ASSIGNED TASK: The data below holds a line containing "(ae s) s) \<or>" and a line containing "(Seq (Asg tc_update t)"; please quote exactly those two lines and every line between them, and nothing else.

DATASET RECORDS:
(* Let $\alpha_{\mathrm{model}}$ be the hybrid program defined in the context. Then the following two differential dynamic logic formulas are valid, i.e. true in every state (every assignment of real values to all variables and constants): $$\mathrm{Ctx}\ \wedge\ x_e + L \le x_o\ \wedge\ D_e(B_{\min}) + L < D_o\ \wedge\ t_c = t - T\ \ \rightarrow\ \ [\alpha_{\mathrm{model}}]\,\big(x_e + L \le x_o\big),$$ $$\mathrm{Ctx}\ \wedge\ x_o + L \le x_e\ \wedge\ \hat D_o + L < \hat D_e(A_{\min})\ \wedge\ t_c = t - T\ \ \rightarrow\ \ [\alpha_{\mathrm{model}}]\,\big(x_o + L \le x_e\big).$$ That is, from every state satisfying the respective premise, every final state of every run of $\alpha_{\mathrm{model}}$ satisfies the respective distance condition.
   Context: Hybrid programs and their semantics (differential dynamic logic). A state assigns a real number to every variable. Programs denote transition relations on states: $?\varphi$ stays in the current state if $\varphi$ holds there and has no transition otherwise; $x := e$ sets $x$ to the value of term $e$; $x := *$ sets $x$ to an arbitrary real; $\{x_1'=e_1,\dots,x_n'=e_n \,\&\, \psi\}$ follows the solution of the ODE system for any duration $r\ge 0$ (including $0$) such that $\psi$ holds throughout $[0,r]$, other variables unchanged; $\alpha\cup\beta$ is nondeterministic choice; $\alpha;\beta$ is sequential composition; $\alpha^*$ repeats $\alpha$ any finite number $\ge 0$ of times. $\mathtt{if}(\varphi)\,\alpha$ abbreviates $(?\varphi;\alpha)\cup ?\neg\varphi$, and $\mathtt{if}(\varphi)\,\alpha\ \mathtt{else}\ \beta$ abbreviates $(?\varphi;\alpha)\cup(?\neg\varphi;\beta)$. $[\alpha]\phi$ holds in state $\omega$ iff $\phi$ holds in every state reachable from $\omega$ by $\alpha$. Variables: ego car position $x_e$, velocity $v_e$, acceleration $a_e$; other car position $x_o$, velocity $v_o$, acceleration $a_o$; time $t$; clock $t_c$. Constants (not changed by programs): $T, L, V, A_{\min}, A_{\max}, B_{\min}, B_{\max}$. $\mathrm{Ctx} \equiv T>0 \wedge L>0 \wedge V>0 \wedge B_{\max}\le B_{\min}<0<A_{\min}\le A_{\max} \wedge B_{\max}\le a_e\le A_{\max}\wedge B_{\max}\le a_o\le A_{\max} \wedge 0\le v_e\le V \wedge 0\le v_o\le V$. Abbreviations: $D_e(a) = x_e - \frac{v_e^2}{2a}$, $D_o = x_o - \frac{v_o^2}{2B_{\max}}$; $\hat v_i = v_i - V$, $\hat x_i = x_i - V t$ for $i\in\{e,o\}$, $\hat D_e(a) = \hat x_e - \frac{\hat v_e^2}{2a}$, $\hat D_o = \hat x_o - \frac{\hat v_o^2}{2A_{\max}}$. $\mathrm{safeBack} \equiv x_e + L \le x_o \wedge \big( (a_e \le B_{\min} \wedge D_e(B_{\min}) + L < D_o) \vee (B_{\min}\le a_e \wedge v_e + a_e T < 0 \wedge D_e(a_e)+L<D_o) \vee (B_{\min}\le a_e \wedge v_e + a_e T\ge 0 \wedge D_e(B_{\min}) + (\tfrac{-a_e}{B_{\min}}+1)(\tfrac{a_e}{2}T^2 + T v_e) + L < D_o)\big)$. $\mathrm{safeFront} \equiv x_o + L \le x_e \wedge \big( (A_{\min}\le a_e \wedge \hat D_o + L < \hat D_e(A_{\min})) \vee (a_e \le A_{\min}\wedge \hat v_e + a_e T > 0 \wedge \hat D_o + L < \hat D_e(a_e)) \vee (a_e\le A_{\min} \wedge \hat v_e + a_e T \le 0 \wedge \hat D_o + L < \hat D_e(A_{\min}) + (\tfrac{-a_e}{A_{\min}}+1)(\tfrac{a_e}{2}T^2 + \hat v_e T))\big)$. Programs: $\mathrm{ctrl}_o \equiv a_o := *;\ ?(B_{\max}\le a_o\le A_{\max})$. $\mathrm{ctrl}_T \equiv a_e := *;\ ?(B_{\max}\le a_e\le A_{\max});\ t_c := t;\ \mathtt{if}(\neg(\mathrm{safeBack}\vee\mathrm{safeFront}))\ \{\mathtt{if}(x_e\le x_o)\ \{a_e:=*;\ ?(B_{\max}\le a_e\le B_{\min})\}\ \mathtt{else}\ \{a_e:=*;\ ?(A_{\min}\le a_e\le A_{\max})\}\}$. $\mathrm{accCor} \equiv \mathtt{if}((v_o=0\wedge a_o<0)\vee(v_o=V\wedge a_o>0))\ a_o:=0;\ \mathtt{if}((v_e=0\wedge a_e<0)\vee(v_e=V\wedge a_e>0))\ a_e:=0$. $\mathrm{plant} \equiv \{x_e'=v_e, v_e'=a_e, x_o'=v_o, v_o'=a_o, t'=1 \ \&\ t\le t_c+T \wedge 0\le v_e\le V\wedge 0\le v_o\le V\}$. $\alpha_{\mathrm{model}} \equiv \big(\mathrm{ctrl}_o;\ (\mathrm{ctrl}_T \cup ?(t<t_c+T));\ \mathrm{accCor};\ \mathrm{plant}\big)^*$. *)

theory Defs
  imports "HOL-Analysis.Analysis"
begin

text \<open>States: values of the program variables. Constants are kept in a separate
  record since no program changes them.\<close>

record st =
  xe :: real
  ve :: real
  ae :: real
  xo :: real
  vo :: real
  ao :: real
  t  :: real
  tc :: real

record prm =
  cT :: real
  cL :: real
  cV :: real
  cAmin :: real
  cAmax :: real
  cBmin :: real
  cBmax :: real

type_synonym prog = "st \<Rightarrow> st \<Rightarrow> bool"

definition Test :: "(st \<Rightarrow> bool) \<Rightarrow> prog" where
  "Test P = (\<lambda>s s'. s' = s \<and> P s)"

definition Seq :: "prog \<Rightarrow> prog \<Rightarrow> prog" where
  "Seq a b = a OO b"

definition Choice :: "prog \<Rightarrow> prog \<Rightarrow> prog" where
  "Choice a b = (\<lambda>s s'. a s s' \<or> b s s')"

definition Star :: "prog \<Rightarrow> prog" where
  "Star a = a\<^sup>*\<^sup>*"

definition IfP :: "(st \<Rightarrow> bool) \<Rightarrow> prog \<Rightarrow> prog" where
  "IfP P a = Choice (Seq (Test P) a) (Test (\<lambda>s. \<not> P s))"

definition IfElse :: "(st \<Rightarrow> bool) \<Rightarrow> prog \<Rightarrow> prog \<Rightarrow> prog" where
  "IfElse P a b = Choice (Seq (Test P) a) (Seq (Test (\<lambda>s. \<not> P s)) b)"

text \<open>Assignment x := e and nondeterministic assignment x := *, for a variable
  given by its record update function.\<close>

definition Asg :: "((real \<Rightarrow> real) \<Rightarrow> st \<Rightarrow> st) \<Rightarrow> (st \<Rightarrow> real) \<Rightarrow> prog" where
  "Asg upd e = (\<lambda>s s'. s' = upd (\<lambda>_. e s) s)"

definition Rnd :: "((real \<Rightarrow> real) \<Rightarrow> st \<Rightarrow> st) \<Rightarrow> prog" where
  "Rnd upd = (\<lambda>s s'. \<exists>r. s' = upd (\<lambda>_. r) s)"

definition Box :: "prog \<Rightarrow> (st \<Rightarrow> bool) \<Rightarrow> st \<Rightarrow> bool" where
  "Box a \<phi> s = (\<forall>s'. a s s' \<longrightarrow> \<phi> s')"

definition Ctx :: "prm \<Rightarrow> st \<Rightarrow> bool" where
  "Ctx p s = (cT p > 0 \<and> cL p > 0 \<and> cV p > 0 \<and>
     cBmax p \<le> cBmin p \<and> cBmin p < 0 \<and> 0 < cAmin p \<and> cAmin p \<le> cAmax p \<and>
     cBmax p \<le> ae s \<and> ae s \<le> cAmax p \<and> cBmax p \<le> ao s \<and> ao s \<le> cAmax p \<and>
     0 \<le> ve s \<and> ve s \<le> cV p \<and> 0 \<le> vo s \<and> vo s \<le> cV p)"

definition De :: "real \<Rightarrow> st \<Rightarrow> real" where
  "De a s = xe s - (ve s)\<^sup>2 / (2 * a)"

definition Do :: "prm \<Rightarrow> st \<Rightarrow> real" where
  "Do p s = xo s - (vo s)\<^sup>2 / (2 * cBmax p)"

definition hve :: "prm \<Rightarrow> st \<Rightarrow> real" where "hve p s = ve s - cV p"
definition hvo :: "prm \<Rightarrow> st \<Rightarrow> real" where "hvo p s = vo s - cV p"
definition hxe :: "prm \<Rightarrow> st \<Rightarrow> real" where "hxe p s = xe s - cV p * t s"
definition hxo :: "prm \<Rightarrow> st \<Rightarrow> real" where "hxo p s = xo s - cV p * t s"

definition hDe :: "prm \<Rightarrow> real \<Rightarrow> st \<Rightarrow> real" where
  "hDe p a s = hxe p s - (hve p s)\<^sup>2 / (2 * a)"

definition hDo :: "prm \<Rightarrow> st \<Rightarrow> real" where
  "hDo p s = hxo p s - (hvo p s)\<^sup>2 / (2 * cAmax p)"

definition safeBack :: "prm \<Rightarrow> st \<Rightarrow> bool" where
  "safeBack p s = (xe s + cL p \<le> xo s \<and>
     ((ae s \<le> cBmin p \<and> De (cBmin p) s + cL p < Do p s) \<or>
      (cBmin p \<le> ae s \<and> ve s + ae s * cT p < 0 \<and> De (ae s) s + cL p < Do p s) \<or>
      (cBmin p \<le> ae s \<and> ve s + ae s * cT p \<ge> 0 \<and>
        De (cBmin p) s + (- ae s / cBmin p + 1) * (ae s / 2 * (cT p)\<^sup>2 + cT p * ve s) + cL p
          < Do p s)))"

definition safeFront :: "prm \<Rightarrow> st \<Rightarrow> bool" where
  "safeFront p s = (xo s + cL p \<le> xe s \<and>
     ((cAmin p \<le> ae s \<and> hDo p s + cL p < hDe p (cAmin p) s) \<or>
      (ae s \<le> cAmin p \<and> hve p s + ae s * cT p > 0 \<and> hDo p s + cL p < hDe p (ae s) s) \<or>
      (ae s \<le> cAmin p \<and> hve p s + ae s * cT p \<le> 0 \<and>
        hDo p s + cL p < hDe p (cAmin p) s
          + (- ae s / cAmin p + 1) * (ae s / 2 * (cT p)\<^sup>2 + hve p s * cT p))))"

definition ctrl_o :: "prm \<Rightarrow> prog" where
  "ctrl_o p = Seq (Rnd ao_update) (Test (\<lambda>s. cBmax p \<le> ao s \<and> ao s \<le> cAmax p))"

definition ctrl_T :: "prm \<Rightarrow> prog" where
  "ctrl_T p =
     Seq (Rnd ae_update)
    (Seq (Test (\<lambda>s. cBmax p \<le> ae s \<and> ae s \<le> cAmax p))
    (Seq (Asg tc_update t)
         (IfP (\<lambda>s. \<not> (safeBack p s \<or> safeFront p s))
            (IfElse (\<lambda>s. xe s \<le> xo s)
               (Seq (Rnd ae_update) (Test (\<lambda>s. cBmax p \<le> ae s \<and> ae s \<le> cBmin p)))
               (Seq (Rnd ae_update) (Test (\<lambda>s. cAmin p \<le> ae s \<and> ae s \<le> cAmax p)))))))"

definition accCor :: "prm \<Rightarrow> prog" where
  "accCor p =
     Seq (IfP (\<lambda>s. (vo s = 0 \<and> ao s < 0) \<or> (vo s = cV p \<and> ao s > 0)) (Asg ao_update (\<lambda>_. 0)))
         (IfP (\<lambda>s. (ve s = 0 \<and> ae s < 0) \<or> (ve s = cV p \<and> ae s > 0)) (Asg ae_update (\<lambda>_. 0)))"

text \<open>Continuous evolution along
  {xe'=ve, ve'=ae, xo'=vo, vo'=ao, t'=1 & t <= tc+T /\ 0<=ve<=V /\ 0<=vo<=V}:
  some duration r >= 0 and a solution on [0,r] starting in s, with the evolution
  domain holding throughout [0,r]; ae, ao, tc are unchanged.\<close>

definition plant :: "prm \<Rightarrow> prog" where
  "plant p s s' = (\<exists>r::real. r \<ge> 0 \<and>
     (\<exists>X VE XO VO TM :: real \<Rightarrow> real.
        X 0 = xe s \<and> VE 0 = ve s \<and> XO 0 = xo s \<and> VO 0 = vo s \<and> TM 0 = t s \<and>
        (\<forall>\<tau>\<in>{0..r}.
           (X has_real_derivative VE \<tau>) (at \<tau> within {0..r}) \<and>
           (VE has_real_derivative ae s) (at \<tau> within {0..r}) \<and>
           (XO has_real_derivative VO \<tau>) (at \<tau> within {0..r}) \<and>
           (VO has_real_derivative ao s) (at \<tau> within {0..r}) \<and>
           (TM has_real_derivative 1) (at \<tau> within {0..r}) \<and>
           TM \<tau> \<le> tc s + cT p \<and> 0 \<le> VE \<tau> \<and> VE \<tau> \<le> cV p \<and> 0 \<le> VO \<tau> \<and> VO \<tau> \<le> cV p) \<and>
        s' = s\<lparr>xe := X r, ve := VE r, xo := XO r, vo := VO r, t := TM r\<rparr>))"

definition model :: "prm \<Rightarrow> prog" where
  "model p = Star
     (Seq (ctrl_o p)
     (Seq (Choice (ctrl_T p) (Test (\<lambda>s. t s < tc s + cT p)))
     (Seq (accCor p) (plant p))))"

end

theory Submission
  imports Defs
begin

PROBLEM SOLUTION:
      (ae s \<le> cAmin p \<and> hve p s + ae s * cT p > 0 \<and> hDo p s + cL p < hDe p (ae s) s) \<or>
      (ae s \<le> cAmin p \<and> hve p s + ae s * cT p \<le> 0 \<and>
        hDo p s + cL p < hDe p (cAmin p) s
          + (- ae s / cAmin p + 1) * (ae s / 2 * (cT p)\<^sup>2 + hve p s * cT p))))"

definition ctrl_o :: "prm \<Rightarrow> prog" where
  "ctrl_o p = Seq (Rnd ao_update) (Test (\<lambda>s. cBmax p \<le> ao s \<and> ao s \<le> cAmax p))"

definition ctrl_T :: "prm \<Rightarrow> prog" where
  "ctrl_T p =
     Seq (Rnd ae_update)
    (Seq (Test (\<lambda>s. cBmax p \<le> ae s \<and> ae s \<le> cAmax p))
    (Seq (Asg tc_update t)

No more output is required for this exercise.